_WORK INSTRUCTION_. Search the records for the string "length", and show each line where it appears.

(Beginning of DATASET RECORDS)

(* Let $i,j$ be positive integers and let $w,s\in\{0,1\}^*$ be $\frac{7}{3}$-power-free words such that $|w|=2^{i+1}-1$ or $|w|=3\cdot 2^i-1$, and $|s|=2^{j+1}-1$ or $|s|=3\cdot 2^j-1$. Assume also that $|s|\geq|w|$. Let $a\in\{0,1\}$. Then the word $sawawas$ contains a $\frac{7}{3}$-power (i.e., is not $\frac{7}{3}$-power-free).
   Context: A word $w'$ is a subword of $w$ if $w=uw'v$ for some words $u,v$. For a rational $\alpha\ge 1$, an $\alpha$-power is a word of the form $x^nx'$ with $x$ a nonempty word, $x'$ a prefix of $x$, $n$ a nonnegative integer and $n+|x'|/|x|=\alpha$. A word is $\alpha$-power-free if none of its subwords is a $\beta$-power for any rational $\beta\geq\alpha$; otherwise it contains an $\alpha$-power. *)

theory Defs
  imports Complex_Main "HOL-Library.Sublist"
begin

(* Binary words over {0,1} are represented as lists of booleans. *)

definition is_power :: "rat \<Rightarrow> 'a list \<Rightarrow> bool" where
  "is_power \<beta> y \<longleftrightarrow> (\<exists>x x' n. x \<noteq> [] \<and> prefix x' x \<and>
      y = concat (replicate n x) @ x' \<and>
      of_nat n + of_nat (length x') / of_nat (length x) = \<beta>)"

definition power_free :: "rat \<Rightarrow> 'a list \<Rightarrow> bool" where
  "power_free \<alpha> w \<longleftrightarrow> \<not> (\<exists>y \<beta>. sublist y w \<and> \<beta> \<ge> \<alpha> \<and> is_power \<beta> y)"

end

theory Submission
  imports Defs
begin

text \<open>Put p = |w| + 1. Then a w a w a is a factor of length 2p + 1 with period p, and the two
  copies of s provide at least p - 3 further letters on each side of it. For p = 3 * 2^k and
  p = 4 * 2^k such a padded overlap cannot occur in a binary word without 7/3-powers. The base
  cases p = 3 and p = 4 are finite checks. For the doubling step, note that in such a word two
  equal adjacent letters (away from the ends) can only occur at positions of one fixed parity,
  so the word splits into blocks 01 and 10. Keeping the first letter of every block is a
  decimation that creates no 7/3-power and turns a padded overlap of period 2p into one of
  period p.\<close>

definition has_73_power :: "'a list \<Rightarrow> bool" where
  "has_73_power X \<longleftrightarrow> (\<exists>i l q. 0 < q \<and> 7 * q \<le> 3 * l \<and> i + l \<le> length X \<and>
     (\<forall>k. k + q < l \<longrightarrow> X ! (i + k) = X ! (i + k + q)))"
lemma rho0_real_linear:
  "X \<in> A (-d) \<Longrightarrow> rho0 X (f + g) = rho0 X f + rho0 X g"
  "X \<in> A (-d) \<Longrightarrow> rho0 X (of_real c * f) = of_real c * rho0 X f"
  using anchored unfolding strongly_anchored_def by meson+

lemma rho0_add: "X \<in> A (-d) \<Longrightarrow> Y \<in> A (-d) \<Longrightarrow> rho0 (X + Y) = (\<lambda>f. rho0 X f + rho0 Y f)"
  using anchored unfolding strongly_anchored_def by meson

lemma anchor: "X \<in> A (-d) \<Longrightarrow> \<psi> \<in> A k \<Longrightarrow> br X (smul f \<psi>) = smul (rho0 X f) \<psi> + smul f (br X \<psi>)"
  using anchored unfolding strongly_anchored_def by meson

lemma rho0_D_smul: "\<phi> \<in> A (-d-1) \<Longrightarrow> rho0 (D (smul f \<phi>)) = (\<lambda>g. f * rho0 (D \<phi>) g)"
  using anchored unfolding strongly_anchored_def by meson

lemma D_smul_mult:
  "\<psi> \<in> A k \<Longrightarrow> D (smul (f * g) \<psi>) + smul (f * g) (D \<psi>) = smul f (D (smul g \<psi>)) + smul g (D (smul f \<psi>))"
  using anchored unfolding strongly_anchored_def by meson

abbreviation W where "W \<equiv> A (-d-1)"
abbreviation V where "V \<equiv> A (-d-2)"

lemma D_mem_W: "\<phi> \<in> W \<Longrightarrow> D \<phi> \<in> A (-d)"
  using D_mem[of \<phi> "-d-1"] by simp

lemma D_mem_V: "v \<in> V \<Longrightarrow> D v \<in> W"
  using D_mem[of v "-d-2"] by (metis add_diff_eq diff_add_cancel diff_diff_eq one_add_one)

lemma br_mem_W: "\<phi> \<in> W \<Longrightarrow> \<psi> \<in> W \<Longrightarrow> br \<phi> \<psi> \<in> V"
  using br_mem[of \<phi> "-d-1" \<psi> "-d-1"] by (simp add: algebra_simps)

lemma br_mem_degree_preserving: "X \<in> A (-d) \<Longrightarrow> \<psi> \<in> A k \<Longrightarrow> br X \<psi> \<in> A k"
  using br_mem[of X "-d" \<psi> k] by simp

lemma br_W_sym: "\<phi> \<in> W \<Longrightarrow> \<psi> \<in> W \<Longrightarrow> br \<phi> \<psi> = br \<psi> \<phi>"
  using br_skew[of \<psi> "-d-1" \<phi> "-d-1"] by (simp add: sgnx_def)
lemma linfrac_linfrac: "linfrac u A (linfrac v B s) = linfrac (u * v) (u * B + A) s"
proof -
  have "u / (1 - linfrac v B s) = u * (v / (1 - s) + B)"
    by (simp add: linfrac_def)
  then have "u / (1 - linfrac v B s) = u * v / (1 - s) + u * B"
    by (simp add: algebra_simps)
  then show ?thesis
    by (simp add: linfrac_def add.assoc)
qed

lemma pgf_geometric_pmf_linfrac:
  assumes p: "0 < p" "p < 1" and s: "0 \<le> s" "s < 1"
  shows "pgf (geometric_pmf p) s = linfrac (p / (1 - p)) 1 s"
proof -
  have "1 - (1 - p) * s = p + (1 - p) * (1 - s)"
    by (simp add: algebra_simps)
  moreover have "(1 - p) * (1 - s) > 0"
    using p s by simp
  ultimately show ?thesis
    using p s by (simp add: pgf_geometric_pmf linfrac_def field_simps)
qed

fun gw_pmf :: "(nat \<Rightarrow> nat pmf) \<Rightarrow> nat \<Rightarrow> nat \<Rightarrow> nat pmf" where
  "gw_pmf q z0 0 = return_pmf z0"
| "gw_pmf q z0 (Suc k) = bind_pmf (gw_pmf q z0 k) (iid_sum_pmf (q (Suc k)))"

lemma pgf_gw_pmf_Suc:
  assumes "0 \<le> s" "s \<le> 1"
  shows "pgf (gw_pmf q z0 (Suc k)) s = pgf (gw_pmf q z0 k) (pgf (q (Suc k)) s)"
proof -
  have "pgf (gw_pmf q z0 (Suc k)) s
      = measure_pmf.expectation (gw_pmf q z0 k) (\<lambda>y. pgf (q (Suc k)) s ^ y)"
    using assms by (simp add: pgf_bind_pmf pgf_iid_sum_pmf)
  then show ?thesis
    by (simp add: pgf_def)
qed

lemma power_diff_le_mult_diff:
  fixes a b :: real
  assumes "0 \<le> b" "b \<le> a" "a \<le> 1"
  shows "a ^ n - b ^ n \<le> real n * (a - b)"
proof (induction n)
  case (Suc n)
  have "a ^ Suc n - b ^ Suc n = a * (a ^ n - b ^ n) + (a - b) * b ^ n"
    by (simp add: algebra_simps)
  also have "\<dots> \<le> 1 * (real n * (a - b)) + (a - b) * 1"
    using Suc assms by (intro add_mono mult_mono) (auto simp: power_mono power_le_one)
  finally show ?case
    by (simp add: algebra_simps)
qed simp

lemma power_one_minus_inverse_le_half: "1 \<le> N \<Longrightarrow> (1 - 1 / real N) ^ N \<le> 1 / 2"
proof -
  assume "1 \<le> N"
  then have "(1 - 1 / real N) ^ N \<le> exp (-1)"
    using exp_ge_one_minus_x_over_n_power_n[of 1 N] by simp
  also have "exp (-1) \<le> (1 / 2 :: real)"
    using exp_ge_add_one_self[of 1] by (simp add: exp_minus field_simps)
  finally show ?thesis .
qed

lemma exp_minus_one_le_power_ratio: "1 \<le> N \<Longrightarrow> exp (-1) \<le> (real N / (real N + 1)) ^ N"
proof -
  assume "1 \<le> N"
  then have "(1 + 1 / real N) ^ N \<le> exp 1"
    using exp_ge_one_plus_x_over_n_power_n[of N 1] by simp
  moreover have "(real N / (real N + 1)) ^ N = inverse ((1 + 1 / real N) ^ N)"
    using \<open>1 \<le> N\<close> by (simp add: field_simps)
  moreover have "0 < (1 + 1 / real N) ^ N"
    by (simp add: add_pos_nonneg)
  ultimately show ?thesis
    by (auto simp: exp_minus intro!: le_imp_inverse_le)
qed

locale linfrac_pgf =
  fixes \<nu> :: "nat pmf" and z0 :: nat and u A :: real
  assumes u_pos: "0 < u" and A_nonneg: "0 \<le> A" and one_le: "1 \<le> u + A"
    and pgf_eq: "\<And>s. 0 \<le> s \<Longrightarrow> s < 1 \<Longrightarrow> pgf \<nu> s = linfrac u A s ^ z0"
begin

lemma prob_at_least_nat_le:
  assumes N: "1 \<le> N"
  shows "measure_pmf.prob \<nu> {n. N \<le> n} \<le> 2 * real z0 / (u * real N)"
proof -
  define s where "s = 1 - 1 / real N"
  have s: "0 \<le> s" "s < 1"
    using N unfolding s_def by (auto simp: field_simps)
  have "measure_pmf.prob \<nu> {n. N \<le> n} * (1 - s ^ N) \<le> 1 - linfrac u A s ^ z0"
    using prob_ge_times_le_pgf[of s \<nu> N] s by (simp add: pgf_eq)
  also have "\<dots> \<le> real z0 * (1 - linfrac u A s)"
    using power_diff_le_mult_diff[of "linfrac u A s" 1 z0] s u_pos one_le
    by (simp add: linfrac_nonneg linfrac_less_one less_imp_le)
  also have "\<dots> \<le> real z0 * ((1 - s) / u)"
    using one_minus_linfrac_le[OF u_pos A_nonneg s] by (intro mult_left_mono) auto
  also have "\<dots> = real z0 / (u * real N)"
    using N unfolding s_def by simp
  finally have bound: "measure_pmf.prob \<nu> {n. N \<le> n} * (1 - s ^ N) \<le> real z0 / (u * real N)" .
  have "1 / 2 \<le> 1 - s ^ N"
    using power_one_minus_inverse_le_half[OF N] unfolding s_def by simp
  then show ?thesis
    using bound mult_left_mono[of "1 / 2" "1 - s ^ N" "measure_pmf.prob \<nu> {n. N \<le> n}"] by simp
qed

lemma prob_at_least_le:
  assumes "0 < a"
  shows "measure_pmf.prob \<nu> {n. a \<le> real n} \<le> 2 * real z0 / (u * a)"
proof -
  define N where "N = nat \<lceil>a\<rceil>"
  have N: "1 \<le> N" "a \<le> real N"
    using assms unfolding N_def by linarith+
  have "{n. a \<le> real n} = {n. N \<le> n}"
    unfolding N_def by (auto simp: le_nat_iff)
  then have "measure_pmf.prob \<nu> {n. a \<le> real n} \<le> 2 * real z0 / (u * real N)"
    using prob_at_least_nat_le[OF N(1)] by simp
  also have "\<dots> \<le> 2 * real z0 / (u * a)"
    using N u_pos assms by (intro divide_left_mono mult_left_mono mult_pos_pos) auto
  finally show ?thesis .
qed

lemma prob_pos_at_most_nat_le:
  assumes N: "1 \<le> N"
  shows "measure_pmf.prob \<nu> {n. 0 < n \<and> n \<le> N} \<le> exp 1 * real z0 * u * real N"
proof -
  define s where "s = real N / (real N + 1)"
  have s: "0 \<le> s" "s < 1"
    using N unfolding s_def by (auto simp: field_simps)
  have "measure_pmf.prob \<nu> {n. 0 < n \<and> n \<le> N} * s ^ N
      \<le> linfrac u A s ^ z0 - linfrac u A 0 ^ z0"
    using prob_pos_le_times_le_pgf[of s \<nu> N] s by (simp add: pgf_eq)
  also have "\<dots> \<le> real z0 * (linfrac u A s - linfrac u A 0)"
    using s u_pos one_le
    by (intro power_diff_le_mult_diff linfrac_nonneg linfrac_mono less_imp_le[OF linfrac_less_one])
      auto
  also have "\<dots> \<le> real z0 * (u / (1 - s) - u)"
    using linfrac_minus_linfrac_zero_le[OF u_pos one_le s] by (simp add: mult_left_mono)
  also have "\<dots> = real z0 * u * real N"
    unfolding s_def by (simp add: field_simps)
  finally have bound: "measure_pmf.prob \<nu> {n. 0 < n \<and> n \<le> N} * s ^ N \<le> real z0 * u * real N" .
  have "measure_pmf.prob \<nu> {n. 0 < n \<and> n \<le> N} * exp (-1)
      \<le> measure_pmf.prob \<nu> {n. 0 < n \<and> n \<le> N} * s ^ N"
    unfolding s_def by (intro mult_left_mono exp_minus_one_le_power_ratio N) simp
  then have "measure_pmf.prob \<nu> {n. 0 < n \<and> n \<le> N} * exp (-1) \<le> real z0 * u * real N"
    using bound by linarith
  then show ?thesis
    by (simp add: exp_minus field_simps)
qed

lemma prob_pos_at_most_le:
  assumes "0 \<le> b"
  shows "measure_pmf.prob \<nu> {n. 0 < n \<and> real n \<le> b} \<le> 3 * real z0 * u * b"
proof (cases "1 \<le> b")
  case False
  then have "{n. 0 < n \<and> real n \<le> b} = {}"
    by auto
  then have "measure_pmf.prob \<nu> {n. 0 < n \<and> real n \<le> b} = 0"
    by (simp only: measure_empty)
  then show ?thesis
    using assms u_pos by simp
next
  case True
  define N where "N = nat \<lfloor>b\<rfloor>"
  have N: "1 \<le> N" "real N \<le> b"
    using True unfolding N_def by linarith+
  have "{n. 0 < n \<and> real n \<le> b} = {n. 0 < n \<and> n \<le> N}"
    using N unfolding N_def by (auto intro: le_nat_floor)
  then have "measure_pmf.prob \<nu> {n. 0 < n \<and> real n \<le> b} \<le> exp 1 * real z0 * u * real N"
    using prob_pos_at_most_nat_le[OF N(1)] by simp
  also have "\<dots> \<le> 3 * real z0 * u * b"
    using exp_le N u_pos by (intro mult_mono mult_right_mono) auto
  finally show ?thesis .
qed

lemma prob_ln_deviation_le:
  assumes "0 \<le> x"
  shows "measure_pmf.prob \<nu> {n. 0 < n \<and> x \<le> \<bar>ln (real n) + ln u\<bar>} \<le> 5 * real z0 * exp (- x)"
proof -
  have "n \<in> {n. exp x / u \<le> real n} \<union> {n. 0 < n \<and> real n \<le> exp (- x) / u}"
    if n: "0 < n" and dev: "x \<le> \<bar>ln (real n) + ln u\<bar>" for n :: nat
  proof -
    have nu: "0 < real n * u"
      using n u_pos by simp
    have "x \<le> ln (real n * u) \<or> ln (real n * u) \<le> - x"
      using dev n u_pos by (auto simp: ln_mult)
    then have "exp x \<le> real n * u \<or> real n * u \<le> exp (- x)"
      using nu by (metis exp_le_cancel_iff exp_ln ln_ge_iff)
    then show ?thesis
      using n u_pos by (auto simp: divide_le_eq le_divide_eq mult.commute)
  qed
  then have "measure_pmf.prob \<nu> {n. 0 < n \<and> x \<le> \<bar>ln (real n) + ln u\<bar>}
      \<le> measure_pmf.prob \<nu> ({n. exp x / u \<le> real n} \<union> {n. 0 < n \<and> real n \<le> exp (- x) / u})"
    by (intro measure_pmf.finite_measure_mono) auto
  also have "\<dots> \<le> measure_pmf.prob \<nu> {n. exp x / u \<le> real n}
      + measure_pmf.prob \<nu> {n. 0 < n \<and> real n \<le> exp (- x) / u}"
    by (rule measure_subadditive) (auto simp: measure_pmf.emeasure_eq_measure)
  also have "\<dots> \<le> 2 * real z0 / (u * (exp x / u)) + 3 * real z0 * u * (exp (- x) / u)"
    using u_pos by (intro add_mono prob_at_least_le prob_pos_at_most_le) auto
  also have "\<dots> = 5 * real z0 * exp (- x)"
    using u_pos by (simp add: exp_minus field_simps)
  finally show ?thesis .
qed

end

(End of DATASET RECORDS)

_ANSWER FOR THIS EXERCISE_.
      of_nat n + of_nat (length x') / of_nat (length x) = \<beta>)"
text \<open>Put p = |w| + 1. Then a w a w a is a factor of length 2p + 1 with period p, and the two
  "has_73_power X \<longleftrightarrow> (\<exists>i l q. 0 < q \<and> 7 * q \<le> 3 * l \<and> i + l \<le> length X \<and>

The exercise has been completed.